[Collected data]
┄┄┄┄┄┄

(* Condition on the largest variable of a chain Y_l, ..., Y_r together with its pairs Y_{j,0}, Y_{j,1}
   (l < j \<le> r). Ties have probability zero, and the maximum is never one of the Y_{j,i}, since the
   condition at j then fails. If the maximum is Y_k = y, the event splits into independent copies of
   itself on the chains l..k-1 and k+1..r, while the two pairs next to Y_k only have to lie below y.
   Writing F(y) = P(Y < y), induction on n = r - l shows that the chain satisfies the event with all
   its 3n+1 variables below y with probability p_n F(y)^(3n+1); integrating over the value of the
   maximum gives (3n+1) p_n = sum_{k=0..n} q_k q_(n-k) with q_0 = 1 and q_k = p_(k-1). As q is the
   coefficient sequence of 1 + z f, this is f + 3 z f' = (1 + z f)^2. *)

definition dominated_at :: "((nat + nat \<times> nat) \<Rightarrow> real) \<Rightarrow> nat \<Rightarrow> bool" where
  "dominated_at \<omega> j \<longleftrightarrow> max (\<omega> (Inr (j,0))) (\<omega> (Inr (j,1))) \<le> max (\<omega> (Inl (j-1))) (\<omega> (Inl j))"

definition chain_event :: "nat \<Rightarrow> nat \<Rightarrow> ((nat + nat \<times> nat) \<Rightarrow> real) \<Rightarrow> bool" where
  "chain_event l r \<omega> \<longleftrightarrow> (\<forall>j\<in>{Suc l..r}. dominated_at \<omega> j)"

definition chain_block :: "nat \<Rightarrow> nat \<Rightarrow> (nat + nat \<times> nat) set" where
  "chain_block l r = Inl ` {l..r} \<union> Inr ` ({Suc l..r} \<times> {0,1})"

(* The coordinates read by chain_event l r. Unlike chain_block l r it is empty for r \<le> l, which
   matters for the empty left part chain_event 0 (0 - 1) = chain_event 0 0. *)
definition chain_support :: "nat \<Rightarrow> nat \<Rightarrow> (nat + nat \<times> nat) set" where
  "chain_support l r = (\<Union>j\<in>{Suc l..r}. {Inl (j-1), Inl j, Inr (j,0), Inr (j,1)})"

lemma finite_chain_block [simp]: "finite (chain_block l r)"
  by (simp add: chain_block_def)

lemma Inl_in_chain_block [simp]: "Inl k \<in> chain_block l r \<longleftrightarrow> l \<le> k \<and> k \<le> r"
  by (auto simp: chain_block_def)

lemma Inr_in_chain_block [simp]: "Inr (j,i) \<in> chain_block l r \<longleftrightarrow> l < j \<and> j \<le> r \<and> (i = 0 \<or> i = 1)"
  by (auto simp: chain_block_def)

lemma idx_eq_chain_block: "idx N = chain_block 0 N"
  by (simp add: idx_def chain_block_def)

lemma chain_support_subset_chain_block: "chain_support l r \<subseteq> chain_block l r"
  by (auto simp: chain_support_def)

(* Removing Y_k from the chain on l..r leaves two independent parts: the chain on l..k-1 with the
   pair Y_{k,0}, Y_{k,1}, and the chain on k+1..r with the pair Y_{k+1,0}, Y_{k+1,1}. *)
definition left_wing :: "nat \<Rightarrow> nat \<Rightarrow> (nat + nat \<times> nat) set" where
  "left_wing l k = Inl ` {l..<k} \<union> Inr ` ({l<..k} \<times> {0,1})"

definition right_wing :: "nat \<Rightarrow> nat \<Rightarrow> (nat + nat \<times> nat) set" where
  "right_wing k r = Inl ` {k<..r} \<union> Inr ` ({k<..r} \<times> {0,1})"

lemma finite_left_wing [simp]: "finite (left_wing l k)"
  by (simp add: left_wing_def)

lemma finite_right_wing [simp]: "finite (right_wing k r)"
  by (simp add: right_wing_def)

lemma Inl_in_left_wing [simp]: "Inl i \<in> left_wing l k \<longleftrightarrow> l \<le> i \<and> i < k"
  by (auto simp: left_wing_def)

lemma Inr_in_left_wing [simp]: "Inr (j,i) \<in> left_wing l k \<longleftrightarrow> l < j \<and> j \<le> k \<and> (i = 0 \<or> i = 1)"
  by (auto simp: left_wing_def)

lemma Inl_in_right_wing [simp]: "Inl i \<in> right_wing k r \<longleftrightarrow> k < i \<and> i \<le> r"
  by (auto simp: right_wing_def)

lemma Inr_in_right_wing [simp]: "Inr (j,i) \<in> right_wing k r \<longleftrightarrow> k < j \<and> j \<le> r \<and> (i = 0 \<or> i = 1)"
  by (auto simp: right_wing_def)

lemma chain_block_minus_Inl:
  assumes "l \<le> k" "k \<le> r"
  shows "chain_block l r - {Inl k} = left_wing l k \<union> right_wing k r"
proof (rule set_eqI)
  fix z :: "nat + nat \<times> nat"
  show "z \<in> chain_block l r - {Inl k} \<longleftrightarrow> z \<in> left_wing l k \<union> right_wing k r"
    using assms by (cases z) auto
qed

lemma left_wing_Int_right_wing: "left_wing l k \<inter> right_wing k r = {}"
  by (auto simp: left_wing_def right_wing_def)

lemma left_wing_eq:
  assumes "l < k"
  shows "left_wing l k = chain_block l (k-1) \<union> {Inr (k,0), Inr (k,1)}"
proof (rule set_eqI)
  fix z :: "nat + nat \<times> nat"
  show "z \<in> left_wing l k \<longleftrightarrow> z \<in> chain_block l (k-1) \<union> {Inr (k,0), Inr (k,1)}"
    using assms by (cases z) auto
qed

lemma right_wing_eq:
  assumes "k < r"
  shows "right_wing k r = chain_block (Suc k) r \<union> {Inr (Suc k,0), Inr (Suc k,1)}"
proof (rule set_eqI)
  fix z :: "nat + nat \<times> nat"
  show "z \<in> right_wing k r \<longleftrightarrow> z \<in> chain_block (Suc k) r \<union> {Inr (Suc k,0), Inr (Suc k,1)}"
    using assms by (cases z) auto
qed

lemma chain_support_subset_left_wing: "chain_support l (k-1) \<subseteq> left_wing l k"
  by (auto simp: chain_support_def)

lemma chain_support_subset_right_wing: "chain_support (Suc k) r \<subseteq> right_wing k r"
  by (auto simp: chain_support_def)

┄┄┄┄┄┄

- WHAT TO PRODUCE
Above are the records. Print exactly, and only, the lines from the line with "maximum gives (3n+1)" to the line with "coefficient sequence of", both inclusive.

- TASK OUTPUT
   maximum gives (3n+1) p_n = sum_{k=0..n} q_k q_(n-k) with q_0 = 1 and q_k = p_(k-1). As q is the
   coefficient sequence of 1 + z f, this is f + 3 z f' = (1 + z f)^2. *)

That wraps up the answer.